Problem connecting to a local server when using a dynamic adress given by dhcp

Abarai · Jun 25, 2009, 10:41 AM

Hello, I'm currently running pfSense 1.2.2 on my Network configured as followed:

WAN1 LAN1
\ /
pfSense
/
WAN2 LAN2

my problem concerns a web server on LAN2 (I don't need a dmz). This server is accessible through a static IP 192.168.3.4, and should be accessible only on LAN2.

In the general Setup, i configured the DNS of OpenDNS (208.67.222.222 and 208.67.220.220). This works well on LAN1. I activated a DHCP server on LAN2 with the following range: 192.168.3.10 to 192.168.3.50. As for the DNS Servers, since I enabled DNS forwarder, I use the interface's IP.
With this kind of configuration, i'm able to reach the server when i ping using the hostname, however, i can't reach the Internet.
If I use other DNS for the configuration of my DHCP server, i can reach the Internet but can't reach the server using the hostname anymore. For some reason, i'm redirected on an opendns server.
If I configure a static IP on a local machine using the following:
IP: 192.168.3.46
Mask: 255.255.255.0
Gateway: 192.168.3.254
DNS: 208.67.222.222
DNS2: 208.67.220.220
or DNS: 192.168.3.254 and DNS2: 208.67.222.222
everything work normally.

It looks like the configuration sent by the dhcp has a loophole somewhere, but i can't find it.
Anyone has an idea?

I noticed I can't ping the interface of LAN2, i'm not sure if this is linked to my problem or not.
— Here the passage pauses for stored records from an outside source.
(* Let $\Sigma$ be a finite set, $k>2$ an integer, and $n\ge 1$. For every sequence of sets $X_1,\ldots,X_n\subseteq\Sigma$, each of size $k$, with $|\Sigma|<(k-2)\log_2(n/3)$, there exist indices $1\le i<j\le n$ and sets $X_i',\ldots,X_j'$ such that for each $\ell\in\{i,\ldots,j\}$, $X_\ell'\subseteq X_\ell$ and $|X_\ell'|\ge 2$, and for each $a\in\Sigma$ the number of sets among $X_i',\ldots,X_j'$ that contain $a$ is even. *)

theory Defs
  imports Complex_Main
begin

end

theory Submission
  imports Defs
begin

text \<open>Suppose no interval \<open>{i..j}\<close> admits an even subfamily. Then in every interval some \<open>X l\<close> shares
  at most two elements with the other sets of the interval. Otherwise every \<open>X l\<close> shares at least
  three, and one can keep only shared elements and then delete each element of odd multiplicity
  (which has multiplicity at least three) from a single set; by a capacitated form of Hall's theorem
  this is possible while each set loses at most \<open>card (shared part) - 2\<close> elements, since a set with
  \<open>s \<ge> 3\<close> shared elements has \<open>s \<le> 3 (s - 2)\<close>. So that \<open>X l\<close> contributes \<open>k - 2\<close> elements not
  covered by the rest of the interval; recursing into the longer side of \<open>l\<close> shows that an interval
  of length \<open>2^t\<close> covers at least \<open>(k - 2) t\<close> elements, contradicting the bound on \<open>card \<Sigma>\<close>.\<close>

definition Hall_condition :: "('e \<Rightarrow> 'x set) \<Rightarrow> 'e set \<Rightarrow> bool" where
  "Hall_condition A D \<longleftrightarrow> (\<forall>S\<subseteq>D. card S \<le> card (\<Union>(A ` S)))"

lemma Hall_condition_Diff_critical:
  assumes "finite D" "\<forall>e\<in>D. finite (A e)" "Hall_condition A D"
    and "S \<subseteq> D" "card (\<Union>(A ` S)) = card S"
  shows "Hall_condition (\<lambda>e. A e - \<Union>(A ` S)) (D - S)"
  unfolding Hall_condition_def
proof (intro allI impI)
  fix T assume T: "T \<subseteq> D - S"
  have fin_TS: "finite T" "finite S"
    using T assms(1,4) by (auto intro: finite_subset)
  then have fin: "finite (\<Union>(A ` S))" "finite (\<Union>(A ` (T \<union> S)))"
    using T assms(2,4) by auto
  have "card T + card S = card (T \<union> S)"
    using T fin_TS by (intro card_Un_disjoint[symmetric]) auto
  also have "\<dots> \<le> card (\<Union>(A ` (T \<union> S)))"
    using T assms(3,4) unfolding Hall_condition_def by (meson Diff_subset le_sup_iff order_trans)
  also have "\<dots> = card (\<Union>(A ` (T \<union> S)) - \<Union>(A ` S)) + card (\<Union>(A ` S))"
    using fin by (simp add: card_Diff_subset card_mono)
  finally show "card T \<le> card (\<Union>e\<in>T. A e - \<Union>(A ` S))"
    using assms(5) by (simp add: Un_Diff)
qed

lemma Hall_condition_Diff_elem:
  assumes "\<forall>S\<subseteq>D. S \<noteq> {} \<longrightarrow> card S < card (\<Union>(A ` S))"
  shows "Hall_condition (\<lambda>e. A e - {x}) D"
  unfolding Hall_condition_def
proof (intro allI impI)
  fix S assume S: "S \<subseteq> D"
  show "card S \<le> card (\<Union>e\<in>S. A e - {x})"
  proof (cases "S = {}")
    case False
    have "card S < card (\<Union>(A ` S))"
      using assms S False by blast
    moreover have "card (\<Union>(A ` S)) - card {x} \<le> card (\<Union>(A ` S) - {x})"
      by (rule diff_card_le_card_Diff) simp
    moreover have "(\<Union>e\<in>S. A e - {x}) = \<Union>(A ` S) - {x}" by blast
    ultimately show ?thesis by simp
  qed simp
qed

theorem Hall_marriage:
  assumes "finite D" "\<forall>e\<in>D. finite (A e)" "Hall_condition A D"
  shows "\<exists>r. (\<forall>e\<in>D. r e \<in> A e) \<and> inj_on r D"
  using assms
proof (induction "card D" arbitrary: D A rule: less_induct)
  case less
  have IH: "\<exists>r. (\<forall>e\<in>D'. r e \<in> A' e) \<and> inj_on r D'"
    if "D' \<subset> D" "\<forall>e\<in>D'. finite (A' e)" "Hall_condition A' D'" for D' and A' :: "_ \<Rightarrow> 'b set"
  proof (rule less.hyps)
    show "card D' < card D" using that(1) less.prems(1) by (rule psubset_card_mono[rotated])
    show "finite D'" using that(1) less.prems(1) by (auto intro: finite_subset)
  qed (fact that)+
  show ?case
  proof (cases "\<exists>S. S \<subseteq> D \<and> S \<noteq> {} \<and> S \<noteq> D \<and> card (\<Union>(A ` S)) = card S")
    case True
    then obtain S where S: "S \<subseteq> D" "S \<noteq> {}" "S \<noteq> D" "card (\<Union>(A ` S)) = card S" by blast
    have "Hall_condition A S"
      using less.prems(3) S(1) unfolding Hall_condition_def by auto
    moreover have "S \<subset> D" "\<forall>e\<in>S. finite (A e)" using S(1,3) less.prems(2) by auto
    ultimately obtain r1 where r1: "\<forall>e\<in>S. r1 e \<in> A e" "inj_on r1 S"
      using IH[of S A] by blast
    have "Hall_condition (\<lambda>e. A e - \<Union>(A ` S)) (D - S)"
      using less.prems S(1,4) by (rule Hall_condition_Diff_critical)
    moreover have "D - S \<subset> D" using S(1,2) by blast
    moreover have "\<forall>e\<in>D - S. finite (A e - \<Union>(A ` S))" using less.prems(2) by simp
    ultimately obtain r2 where r2: "\<forall>e\<in>D - S. r2 e \<in> A e - \<Union>(A ` S)" "inj_on r2 (D - S)"
      using IH[of "D - S" "\<lambda>e. A e - \<Union>(A ` S)"] by blast
    define r where "r e = (if e \<in> S then r1 e else r2 e)" for e
    have "inj_on r (S \<union> (D - S))"
      unfolding inj_on_Un
    proof (intro conjI)
      show "inj_on r S" using r1(2) by (simp add: r_def inj_on_def)
      show "inj_on r (D - S)" using r2(2) by (simp add: r_def inj_on_def)
      show "r ` (S - (D - S)) \<inter> r ` (D - S - S) = {}"
        using r1(1) r2(1) by (auto simp: r_def)
    qed
    moreover have "\<forall>e\<in>D. r e \<in> A e"
      using r1(1) r2(1) by (simp add: r_def)
    moreover have "S \<union> (D - S) = D" using S(1) by blast
    ultimately show ?thesis by auto
  next
    case False
    show ?thesis
    proof (cases "D = {}")
      case nonempty: False
      then obtain e0 where e0: "e0 \<in> D" by blast
      then have "card {e0} \<le> card (\<Union>(A ` {e0}))"
        using less.prems(3) unfolding Hall_condition_def by blast
      then obtain x where x: "x \<in> A e0" by fastforce
      have "\<forall>S\<subseteq>D - {e0}. S \<noteq> {} \<longrightarrow> card S < card (\<Union>(A ` S))"
      proof (intro allI impI)
        fix S assume S: "S \<subseteq> D - {e0}" "S \<noteq> {}"
        then have "card S \<le> card (\<Union>(A ` S))"
          using less.prems(3) unfolding Hall_condition_def by blast
        moreover have "card (\<Union>(A ` S)) \<noteq> card S"
          using False S e0 by blast
        ultimately show "card S < card (\<Union>(A ` S))" by linarith
      qed
      then have "Hall_condition (\<lambda>e. A e - {x}) (D - {e0})"
        by (rule Hall_condition_Diff_elem)
      moreover have "D - {e0} \<subset> D" using e0 by blast
      moreover have "\<forall>e\<in>D - {e0}. finite (A e - {x})" using less.prems(2) by simp
      ultimately obtain r where r: "\<forall>e\<in>D - {e0}. r e \<in> A e - {x}" "inj_on r (D - {e0})"
        using IH[of "D - {e0}" "\<lambda>e. A e - {x}"] by blast
      have "inj_on (r(e0 := x)) (insert e0 (D - {e0}))"
        using r by (auto simp: inj_on_def)
      moreover have "\<forall>e\<in>D. (r(e0 := x)) e \<in> A e"
        using r(1) x by simp
      ultimately show ?thesis
        using insert_Diff[OF e0] by metis
    qed simp
  qed
qed
theorem theorem3p2:
  fixes M :: "'a measure"
    and X S :: "nat \<Rightarrow> 'a \<Rightarrow> real"
    and r :: "real \<Rightarrow> real"
    and C E D lam T :: real
  assumes "prob_space M"
    and "C > 0" and "E \<le> 0" and "0 \<le> D" and "lam > 0" and "T > 0"
    and "r \<in> borel_measurable borel"
    and "\<forall>x\<in>{0..C}. E \<le> r x \<and> r x \<le> D"
    and "\<forall>n\<ge>1. \<forall>\<omega>\<in>space M. 0 \<le> X n \<omega> \<and> X n \<omega> \<le> C"
    and "prob_space.indep_vars M (\<lambda>_. borel)
           (\<lambda>i. case i of Inl n \<Rightarrow> X n | Inr n \<Rightarrow> S n) (Inl ` {1..} \<union> Inr ` {1..})"
    and "\<forall>n\<ge>1. distr M borel (X n) = distr M borel (X 1)"
    and "\<forall>n\<ge>1. distributed M lborel (S n) (exponential_density lam)"
  shows "c_star M lam r (X 1) * T - (\<integral>\<omega>. alg_reward lam r X S T \<omega> \<partial>M)
           \<le> lam * (D - E) * C * sqrt (pi / 2) * sqrt (lam * T + 1)"
proof -
  interpret time_allocation M X S r C E D lam T
    unfolding time_allocation_def time_allocation_axioms_def using assms by (intro conjI) assumption+
  have "1 \<le> sqrt (pi / 2)" using pi_gt3 by simp
  then have "D * 1 \<le> (D - E) * sqrt (pi / 2)" using assms(3,4) by (intro mult_mono) auto
  then have "lam * C * sqrt (lam * T + 1) * D \<le> lam * C * sqrt (lam * T + 1) * ((D - E) * sqrt (pi / 2))"
    using assms(2,5,6) by (intro mult_left_mono) auto
  then have "lam * C * D * sqrt (lam * T + 1) \<le> lam * (D - E) * C * sqrt (pi / 2) * sqrt (lam * T + 1)"
    by (simp add: mult_ac)
  with regret_le show ?thesis by (rule order.trans)
qed

end
lemma num_actions_ge_one:
  assumes "T \<noteq> 0"
  shows "1 \<le> num_actions X Act"
proof -
  obtain \<omega> where "\<omega> \<in> space M"
    using not_empty by blast
  then obtain x where x: "x \<in> X"
    using traj_valid[of 1 1 \<omega>] assms game_structD(5)[OF game] by auto
  have "1 \<le> card (Act x)"
    using game_structD(2,3)[OF game x] by (simp add: Suc_le_eq card_gt_0_iff)
  also have "\<dots> \<le> num_actions X Act"
    unfolding num_actions_def using x game_structD(1)[OF game] by (intro member_le_sum) auto
  finally show ?thesis .
qed

lemma regret_comparison_event_measurable:
  "{\<omega> \<in> space M. regret X Act hist T (\<lambda>t x a. true_loss t x a \<omega>) (\<lambda>t. mu t \<omega>)
      \<le> max (regret X Act hist T (\<lambda>t x a. est_loss t x a \<omega>) (\<lambda>t. mu t \<omega>)) 0 + c} \<in> sets M"
proof -
  have "(\<lambda>\<omega>. regret X Act hist T (\<lambda>t x a. true_loss t x a \<omega>) (\<lambda>t. mu t \<omega>)) \<in> borel_measurable M"
    "(\<lambda>\<omega>. regret X Act hist T (\<lambda>t x a. est_loss t x a \<omega>) (\<lambda>t. mu t \<omega>)) \<in> borel_measurable M"
    using measurable_prev(2)[OF _ true_loss_measurable] est_loss_measurable(2)
    by (auto intro!: regret_measurable)
  then show ?thesis
    by measurable
qed
(* The Doob--Martin kernel of $(U_n)_{n \in \mathbb{N}_0}$ with reference state the empty word satisfies, for all $m,n\in\mathbb{N}_0$, $v \in \mathbb{W}_m$ and $w \in \mathbb{W}_{m+n}$, \[ K(v,w) = \binom{w}{v} \frac{\binom{2m}{m}}{\binom{m+n}{m}^2}. \]
   Context: For $n \in \mathbb{N}_0$, $\mathbb{W}_n$ denotes the set of words over the alphabet $\{a,b\}$ with exactly $n$ letters $a$ and $n$ letters $b$, and $\mathbb{W} := \bigsqcup_{n} \mathbb{W}_n$. For words $w,v$, $\binom{w}{v}$ denotes the number of occurrences of $v$ as a (not necessarily contiguous) sub-word of $w$. The Markov chain $(U_n)_{n\in\mathbb{N}_0}$ on $\mathbb{W}$ starts at the empty word $\emptyset$; given $U_n \in \mathbb{W}_n$, first a letter $a$ is inserted uniformly at random into one of the $2n+1$ slots of $U_n$, then a letter $b$ is inserted uniformly at random into one of the $2n+2$ slots of the resulting word, giving $U_{n+1}$. The Doob--Martin kernel with reference state $\emptyset$ is $K(v,w) := \mathbb{P}^v\{\text{the chain hits } w\}/\mathbb{P}^\emptyset\{\text{the chain hits } w\}$; for $v\in\mathbb{W}_m$, $w\in\mathbb{W}_{m+n}$ this equals $\mathbb{P}\{U_{m+n}=w\mid U_m=v\}/\mathbb{P}\{U_{m+n}=w\mid U_0=\emptyset\}$. *)

theory Defs
  imports Complex_Main
begin

datatype letter = A | B

type_synonym word = "letter list"

definition W :: "nat \<Rightarrow> word set" where
  "W n = {w. count_list w A = n \<and> count_list w B = n \<and> length w = 2 * n}"

definition subword_count :: "word \<Rightarrow> word \<Rightarrow> nat" where
  "subword_count w v =
     card {I. I \<subseteq> {..<length w} \<and> card I = length v \<and> nths w I = v}"

definition ins_at :: "nat \<Rightarrow> letter \<Rightarrow> word \<Rightarrow> word" where
  "ins_at i x xs = take i xs @ x # drop i xs"

text \<open>k-step transition probabilities of the chain: from u, insert A uniformly into one of
  the length u + 1 slots, then B uniformly into one of the length u + 2 slots.\<close>
fun trans :: "nat \<Rightarrow> word \<Rightarrow> word \<Rightarrow> real" where
  "trans 0 u w = (if u = w then 1 else 0)"
| "trans (Suc k) u w =
     (\<Sum>i\<le>length u. \<Sum>j\<le>Suc (length u). trans k (ins_at j B (ins_at i A u)) w)
       / (real (length u + 1) * real (length u + 2))"

text \<open>Probability that the chain started at u ever hits w. Since the length grows by
  exactly 2 at each step, w can only be hit at the single time (|w|-|u|)/2.\<close>
definition hit_prob :: "word \<Rightarrow> word \<Rightarrow> real" where
  "hit_prob u w = (if length u \<le> length w \<and> even (length w - length u)
                   then trans ((length w - length u) div 2) u w else 0)"

definition martin_K :: "word \<Rightarrow> word \<Rightarrow> real" where
  "martin_K v w = hit_prob v w / hit_prob [] w"

end

theory Submission imports Defs begin

text \<open>
  Write \<open>o(w,u)\<close> for the number of occurrences of \<open>u\<close> as a sub-word of \<open>w\<close>. Summing
  \<open>o(w,u')\<close> over the words \<open>u'\<close> obtained by inserting a letter \<open>x\<close> into the slots of \<open>u\<close>
  counts pairs (occurrence of \<open>u\<close>, unused letter \<open>x\<close> of \<open>w\<close>), so it equals
  \<open>(#\<^sub>x w - #\<^sub>x u) o(w,u)\<close>. One step of the chain inserts an \<open>a\<close> and then a \<open>b\<close>; if \<open>w\<close> has
  \<open>k\<close> letters of each kind more than \<open>u\<close>, this turns \<open>o(w,\<cdot>)\<close> into \<open>k\<^sup>2 o(w,\<cdot>)\<close>, and
  induction on \<open>k\<close> gives \<open>P(u \<rightarrow> w) = o(w,u) (k!)\<^sup>2 |u|! / |w|!\<close>. Dividing the instance
  \<open>u = v\<close> by the instance \<open>u = \<emptyset>\<close> yields the kernel.
\<close>

fun subseq_count :: "'a list \<Rightarrow> 'a list \<Rightarrow> nat" where
  "subseq_count [] v = (if v = [] then 1 else 0)"
| "subseq_count (x # xs) [] = subseq_count xs []"
| "subseq_count (x # xs) (y # ys) =
     subseq_count xs (y # ys) + (if x = y then subseq_count xs ys else 0)"

lemma subseq_count_Nil_right [simp]: "subseq_count w [] = 1"
  by (induction w) auto

lemma subseq_count_too_long: "length w < length v \<Longrightarrow> subseq_count w v = 0"
  by (induction w v rule: subseq_count.induct) auto

lemma subseq_count_same_length:
  "length w = length v \<Longrightarrow> subseq_count w v = (if w = v then 1 else 0)"
  by (induction w v rule: subseq_count.induct) (auto simp: subseq_count_too_long)

definition subseq_index_sets :: "'a list \<Rightarrow> 'a list \<Rightarrow> nat set set" where
  "subseq_index_sets w v = {I. I \<subseteq> {..<length w} \<and> card I = length v \<and> nths w I = v}"

lemma finite_subseq_index_sets: "finite (subseq_index_sets w v)"
  by (rule finite_subset[of _ "Pow {..<length w}"]) (auto simp: subseq_index_sets_def)

lemma subseq_index_sets_Nil: "subseq_index_sets [] v = (if v = [] then {{}} else {})"
  by (auto simp: subseq_index_sets_def)

lemma shift_index_set_eq:
  "I = (if 0 \<in> I then insert 0 else id) (Suc ` {j. Suc j \<in> I})"
  by (auto simp: image_iff) (metis not0_implies_Suc)+

lemma subseq_index_sets_Cons_skip:
  "{I \<in> subseq_index_sets (x # xs) v. 0 \<notin> I} = (`) Suc ` subseq_index_sets xs v"
proof (intro equalityI subsetI)
  fix I assume I: "I \<in> {I \<in> subseq_index_sets (x # xs) v. 0 \<notin> I}"
  define J where "J = {j. Suc j \<in> I}"
  have I_eq: "I = Suc ` J"
    using I shift_index_set_eq[of I] by (simp add: J_def)
  then have "card J = card I" by (simp add: card_image)
  with I have "J \<in> subseq_index_sets xs v"
    by (auto simp: subseq_index_sets_def nths_Cons J_def)
  with I_eq show "I \<in> (`) Suc ` subseq_index_sets xs v" by blast
next
  fix I assume "I \<in> (`) Suc ` subseq_index_sets xs v"
  then obtain J where J: "J \<in> subseq_index_sets xs v" and I_eq: "I = Suc ` J" by auto
  have "card I = card J" using I_eq by (simp add: card_image)
  with J I_eq show "I \<in> {I \<in> subseq_index_sets (x # xs) v. 0 \<notin> I}"
    by (auto simp: subseq_index_sets_def nths_Cons image_iff)
qed

lemma subseq_index_sets_Cons_take:
  "{I \<in> subseq_index_sets (x # xs) (y # ys). 0 \<in> I} =
     (if x = y then (\<lambda>J. insert 0 (Suc ` J)) ` subseq_index_sets xs ys else {})"
proof (intro equalityI subsetI)
  fix I assume "I \<in> {I \<in> subseq_index_sets (x # xs) (y # ys). 0 \<in> I}"
  then have I: "I \<subseteq> {..<Suc (length xs)}" "card I = Suc (length ys)"
    "nths (x # xs) I = y # ys" "0 \<in> I"
    by (auto simp: subseq_index_sets_def)
  define J where "J = {j. Suc j \<in> I}"
  have I_eq: "I = insert 0 (Suc ` J)"
    using I shift_index_set_eq[of I] by (simp add: J_def)
  have "J \<subseteq> {..<length xs}" using I(1) by (auto simp: J_def)
  moreover from this have "card J = length ys"
    using I(2) by (simp add: I_eq card_image finite_subset)
  moreover have "x = y" "nths xs J = ys" using I(3,4) by (simp_all add: nths_Cons J_def)
  ultimately show "I \<in> (if x = y then (\<lambda>J. insert 0 (Suc ` J)) ` subseq_index_sets xs ys else {})"
    using I_eq by (auto simp: subseq_index_sets_def)
next
  fix I assume "I \<in> (if x = y then (\<lambda>J. insert 0 (Suc ` J)) ` subseq_index_sets xs ys else {})"
  then obtain J where xy: "x = y" and J: "J \<subseteq> {..<length xs}" "card J = length ys" "nths xs J = ys"
    and I_eq: "I = insert 0 (Suc ` J)"
    by (auto simp: subseq_index_sets_def split: if_splits)
  have "card I = Suc (card J)" using J(1) by (simp add: I_eq card_image finite_subset)
  moreover have "{j. Suc j \<in> I} = J" by (auto simp: I_eq)
  moreover have "I \<subseteq> {..<Suc (length xs)}" using J(1) by (auto simp: I_eq)
  ultimately show "I \<in> {I \<in> subseq_index_sets (x # xs) (y # ys). 0 \<in> I}"
    using xy J I_eq by (simp add: subseq_index_sets_def nths_Cons)
qed

lemma card_subseq_index_sets: "card (subseq_index_sets w v) = subseq_count w v"
proof (induction w arbitrary: v)
  case Nil
  then show ?case by (simp add: subseq_index_sets_Nil)
next
  case (Cons x xs)
  let ?S = "subseq_index_sets (x # xs) v"
  have "?S = {I \<in> ?S. 0 \<notin> I} \<union> {I \<in> ?S. 0 \<in> I}" by auto
  then have "card ?S = card {I \<in> ?S. 0 \<notin> I} + card {I \<in> ?S. 0 \<in> I}"
    by (metis (no_types, lifting) card_Un_disjoint finite_subseq_index_sets finite_Un disjoint_iff mem_Collect_eq)
  moreover have "card {I \<in> ?S. 0 \<notin> I} = subseq_count xs v"
    unfolding subseq_index_sets_Cons_skip
    by (subst card_image) (auto simp: inj_on_def inj_image_eq_iff Cons.IH)
  moreover have "card {I \<in> ?S. 0 \<in> I} =
      (case v of [] \<Rightarrow> 0 | y # ys \<Rightarrow> if x = y then subseq_count xs ys else 0)"
  proof (cases v)
    case Nil
    then show ?thesis
      by (auto simp: subseq_index_sets_def card_eq_0_iff dest: finite_subset[OF _ finite_lessThan])
  next
    case (Cons y ys)
    have "inj_on (\<lambda>J. insert 0 (Suc ` J)) (subseq_index_sets xs ys)"
      by (rule inj_on_inverseI[where g = "\<lambda>I. {j. Suc j \<in> I}"]) auto
    with Cons show ?thesis
      by (simp add: subseq_index_sets_Cons_take card_image Cons.IH)
  qed
  ultimately show ?case by (cases v) auto
qed

lemma subword_count_eq_subseq_count: "subword_count w v = subseq_count w v"
  using card_subseq_index_sets by (simp add: subword_count_def subseq_index_sets_def)

lemma ins_at_0 [simp]: "ins_at 0 x u = x # u"
  by (simp add: ins_at_def)

lemma ins_at_Suc_Cons [simp]: "ins_at (Suc i) x (y # u) = y # ins_at i x u"
  by (simp add: ins_at_def)

lemma length_ins_at: "i \<le> length u \<Longrightarrow> length (ins_at i x u) = Suc (length u)"
  by (simp add: ins_at_def)

lemma count_list_ins_at:
  "count_list (ins_at i x u) z = count_list u z + (if x = z then 1 else 0)"
proof -
  have "count_list u z = count_list (take i u) z + count_list (drop i u) z"
    by (metis append_take_drop_id count_list_append)
  then show ?thesis by (simp add: ins_at_def)
qed

lemma sum_subseq_count_ins_at:
  "(\<Sum>i\<le>length u. subseq_count w (ins_at i x u)) + count_list u x * subseq_count w u =
     count_list w x * subseq_count w u"
proof (induction w arbitrary: u)
  case Nil
  then show ?case by (simp add: ins_at_def)
next
  case (Cons c w)
  let ?S = "\<lambda>w u. \<Sum>i\<le>length u. subseq_count w (ins_at i x u)"
  show ?case
  proof (cases u)
    case Nil
    then show ?thesis using Cons.IH[of "[]"] by simp
  next
    case (Cons y u')
    have "?S (c # w) u = ?S w u + (if c = x then subseq_count w u else 0)
        + (if c = y then ?S w u' else 0)"
      using Cons by (simp add: sum.atMost_Suc_shift sum.distrib del: sum.atMost_Suc)
    then show ?thesis
      using Cons Cons.IH[of u] Cons.IH[of u'] by (auto simp: algebra_simps)
  qed
qed

lemma sum_subseq_count_ins_at_eq:
  assumes "count_list w x = count_list u x + k"
  shows "(\<Sum>i\<le>length u. subseq_count w (ins_at i x u)) = k * subseq_count w u"
  using sum_subseq_count_ins_at[where u = u and w = w and x = x] assms by (simp add: algebra_simps)

lemma sum_subseq_count_ins_at_A_B:
  assumes "count_list w A = count_list u A + k" and "count_list w B = count_list u B + k"
  shows "(\<Sum>i\<le>length u. \<Sum>j\<le>Suc (length u). subseq_count w (ins_at j B (ins_at i A u)))
     = k\<^sup>2 * subseq_count w u"
proof -
  have "(\<Sum>j\<le>Suc (length u). subseq_count w (ins_at j B (ins_at i A u)))
      = k * subseq_count w (ins_at i A u)" if "i \<le> length u" for i
    using sum_subseq_count_ins_at_eq[of w B "ins_at i A u" k] that assms(2)
    by (simp add: length_ins_at count_list_ins_at)
  then have "(\<Sum>i\<le>length u. \<Sum>j\<le>Suc (length u). subseq_count w (ins_at j B (ins_at i A u)))
      = k * (\<Sum>i\<le>length u. subseq_count w (ins_at i A u))"
    by (simp add: sum_distrib_left)
  also have "\<dots> = k\<^sup>2 * subseq_count w u"
    using sum_subseq_count_ins_at_eq[OF assms(1)] by (simp add: power2_eq_square)
  finally show ?thesis .
qed

lemma trans_eq_subseq_count:
  assumes "length w = length u + 2 * k"
    and "count_list w A = count_list u A + k" and "count_list w B = count_list u B + k"
  shows "trans k u w = real (subseq_count w u) * (fact k)\<^sup>2 * fact (length u) / fact (length w)"
  using assms
proof (induction k arbitrary: u)
  case 0
  then show ?case by (simp add: subseq_count_same_length)
next
  case (Suc k)
  define L where "L = length u"
  define C :: real where "C = (fact k)\<^sup>2 * fact (L + 2) / fact (length w)"
  have "trans k (ins_at j B (ins_at i A u)) w = real (subseq_count w (ins_at j B (ins_at i A u))) * C"
    if "i \<le> L" "j \<le> Suc L" for i j
    using Suc.IH[of "ins_at j B (ins_at i A u)"] Suc.prems that
    by (simp add: length_ins_at count_list_ins_at C_def L_def)
  then have "trans (Suc k) u w =
      (\<Sum>i\<le>L. \<Sum>j\<le>Suc L. real (subseq_count w (ins_at j B (ins_at i A u))) * C)
        / (real (L + 1) * real (L + 2))"
    unfolding trans.simps L_def[symmetric]
    by (intro arg_cong2[where f = "(/)"] sum.cong refl) simp_all
  also have "\<dots> = (\<Sum>i\<le>L. \<Sum>j\<le>Suc L. real (subseq_count w (ins_at j B (ins_at i A u)))) * C
        / (real (L + 1) * real (L + 2))"
    by (simp only: sum_distrib_right)
  also have "\<dots> = (real (Suc k))\<^sup>2 * real (subseq_count w u) * C / (real (L + 1) * real (L + 2))"
    using sum_subseq_count_ins_at_A_B[of w u "Suc k"] Suc.prems
    by (simp add: L_def flip: of_nat_sum del: sum.atMost_Suc)
  also have "\<dots> = real (subseq_count w u) * (fact (Suc k))\<^sup>2 * fact L / fact (length w)"
  proof -
    have cancel: "q\<^sup>2 * s * (f\<^sup>2 * (a * b * g) / F) / (a * b) = s * (q * f)\<^sup>2 * g / F"
      if "a \<noteq> 0" "b \<noteq> 0" for q s f g a b F :: real
      using that by (simp add: field_simps power2_eq_square)
    have fact_L2: "(fact (L + 2) :: real) = real (L + 1) * real (L + 2) * fact L"
      by (simp add: algebra_simps)
    show ?thesis
      unfolding C_def fact_Suc fact_L2 by (rule cancel) simp_all
  qed
  finally show ?case by (simp add: L_def)
qed

theorem mainTheorem2:
  fixes m n :: nat and v w :: word
  assumes "v \<in> W m" and "w \<in> W (m + n)"
  shows "martin_K v w =
    real (subword_count w v) * real ((2 * m) choose m) / (real ((m + n) choose m))^2"
proof -
  have v: "count_list v A = m" "count_list v B = m" "length v = 2 * m"
    using assms(1) by (auto simp: W_def)
  have w: "count_list w A = m + n" "count_list w B = m + n" "length w = 2 * m + 2 * n"
    using assms(2) by (auto simp: W_def)
  have hit_v: "hit_prob v w = real (subword_count w v) * (fact n)\<^sup>2 * fact (2 * m) / fact (2 * m + 2 * n)"
    using trans_eq_subseq_count[of w v n] v w
    by (simp add: hit_prob_def subword_count_eq_subseq_count)
  have hit_Nil: "hit_prob [] w = (fact (m + n))\<^sup>2 / fact (2 * m + 2 * n)"
    using trans_eq_subseq_count[of w "[]" "m + n"] w by (simp add: hit_prob_def)
  have binom_2m: "real ((2 * m) choose m) = fact (2 * m) / (fact m * fact m)"
    by (simp add: binomial_fact mult_2)
  have binom_mn: "real ((m + n) choose m) = fact (m + n) / (fact m * fact n)"
    by (simp add: binomial_fact)
  show ?thesis
    unfolding martin_K_def hit_v hit_Nil binom_2m binom_mn by (simp add: field_simps power2_eq_square)
qed

end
goulou · Jun 27, 2009, 5:07 AM

I'm not sure whether I fully understand your configuration as described but since you're looking for ideas…

You are using static IP's on LAN2 but can't reach the internet with DNS Forwarder configured... I would suggest you first confirm your DHCP server configuration. Do you have "Enable Static ARP Entries" checked? If so, the likely reason your LAN2 server cannot get out to the Internet with DNS Forwarder enabled is you also need to add an entry for the LAN2 server itself since LAN2 is using a non-DHCP assigned address.

Assuming DNS on your LAN2 server points to PFSense LAN2 interface address, then simply add an entry on the DHCP Server page: {MAC address IP address Hostname Description} and save + apply your new settings.

You should be in business with that.

Abarai · Jun 30, 2009, 8:02 AM

Hello, sorry for the delay.
I'm using static Ip's only because i have to. I'm trying to have a normal Lan, on which the servers are defined with a static IP (the IP is given by pfsense) and every other computers receive and address from the DHCP. The server is configured correctly. The problem is when a user with a dynamic address try to ping, or try to connect to a SQL database using the hostname of the server, he is redirected on an opendns server, whereas a user configured with a static IP (with the exact same configuration than the one forwarded by the dhcp server) can reach the server.

I don't understand this process.

My not having Internet depends on the DNS configured in the dhcp server. It is said that if dns forwarder is enabled one must use the interface's Ip. However if i do this i can not reach the internet, whereas if i configure a real DNS, i access the internet.